What needs to be done: Each entry needs to be copied exactly, with nothing left out.

[Saved data entries]
────

text \<open>Left multiplication by \<open>\<Gamma>\<^sub>0(n)\<close> acts on integer matrices of determinant \<open>m\<close>.
  Every orbit of a matrix \<open>B\<^sub>m r\<close> with \<open>r \<in> \<Gamma>\<^sub>0(n)\<close> contains exactly one matrix of \<open>X\<^sub>m\<^sup>\<star>\<close>
  (a Hermite normal form whose bottom row stays primitive), so \<open>u|B\<^sub>m r = u|T(r)\<close> for this
  representative \<open>T(r)\<close> by \<open>\<Gamma>\<^sub>0(n)\<close>-invariance of \<open>u\<close>. The map \<open>r \<mapsto> T(r)\<close> is a bijection from the
  coset representatives onto \<open>X\<^sub>m\<^sup>\<star>\<close>: the orbits of \<open>B\<^sub>m r\<close> and \<open>B\<^sub>m r'\<close> coincide exactly when
  \<open>r' r\<^sup>-\<^sup>1 \<in> \<Gamma>\<^sub>0(nm)\<close>, and, as \<open>n\<close> and \<open>m\<close> are coprime, every element of \<open>X\<^sub>m\<^sup>\<star>\<close> lies in
  \<open>\<Gamma>\<^sub>0(n) B\<^sub>m \<Gamma>\<^sub>0(n)\<close>.\<close>

lemma mmul_assoc: "mmul (mmul x y) w = mmul x (mmul y w)"
  by (cases x rule: prod_cases4; cases y rule: prod_cases4; cases w rule: prod_cases4)
     (simp add: algebra_simps)

lemma mdet_mmul: "mdet (mmul x y) = mdet x * mdet y"
  by (cases x rule: prod_cases4; cases y rule: prod_cases4) (simp add: algebra_simps)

────

The answer:
text \<open>Left multiplication by \<open>\<Gamma>\<^sub>0(n)\<close> acts on integer matrices of determinant \<open>m\<close>.
  Every orbit of a matrix \<open>B\<^sub>m r\<close> with \<open>r \<in> \<Gamma>\<^sub>0(n)\<close> contains exactly one matrix of \<open>X\<^sub>m\<^sup>\<star>\<close>
  (a Hermite normal form whose bottom row stays primitive), so \<open>u|B\<^sub>m r = u|T(r)\<close> for this
  representative \<open>T(r)\<close> by \<open>\<Gamma>\<^sub>0(n)\<close>-invariance of \<open>u\<close>. The map \<open>r \<mapsto> T(r)\<close> is a bijection from the
  coset representatives onto \<open>X\<^sub>m\<^sup>\<star>\<close>: the orbits of \<open>B\<^sub>m r\<close> and \<open>B\<^sub>m r'\<close> coincide exactly when
  \<open>r' r\<^sup>-\<^sup>1 \<in> \<Gamma>\<^sub>0(nm)\<close>, and, as \<open>n\<close> and \<open>m\<close> are coprime, every element of \<open>X\<^sub>m\<^sup>\<star>\<close> lies in
  \<open>\<Gamma>\<^sub>0(n) B\<^sub>m \<Gamma>\<^sub>0(n)\<close>.\<close>

lemma mmul_assoc: "mmul (mmul x y) w = mmul x (mmul y w)"
  by (cases x rule: prod_cases4; cases y rule: prod_cases4; cases w rule: prod_cases4)
     (simp add: algebra_simps)

lemma mdet_mmul: "mdet (mmul x y) = mdet x * mdet y"
  by (cases x rule: prod_cases4; cases y rule: prod_cases4) (simp add: algebra_simps)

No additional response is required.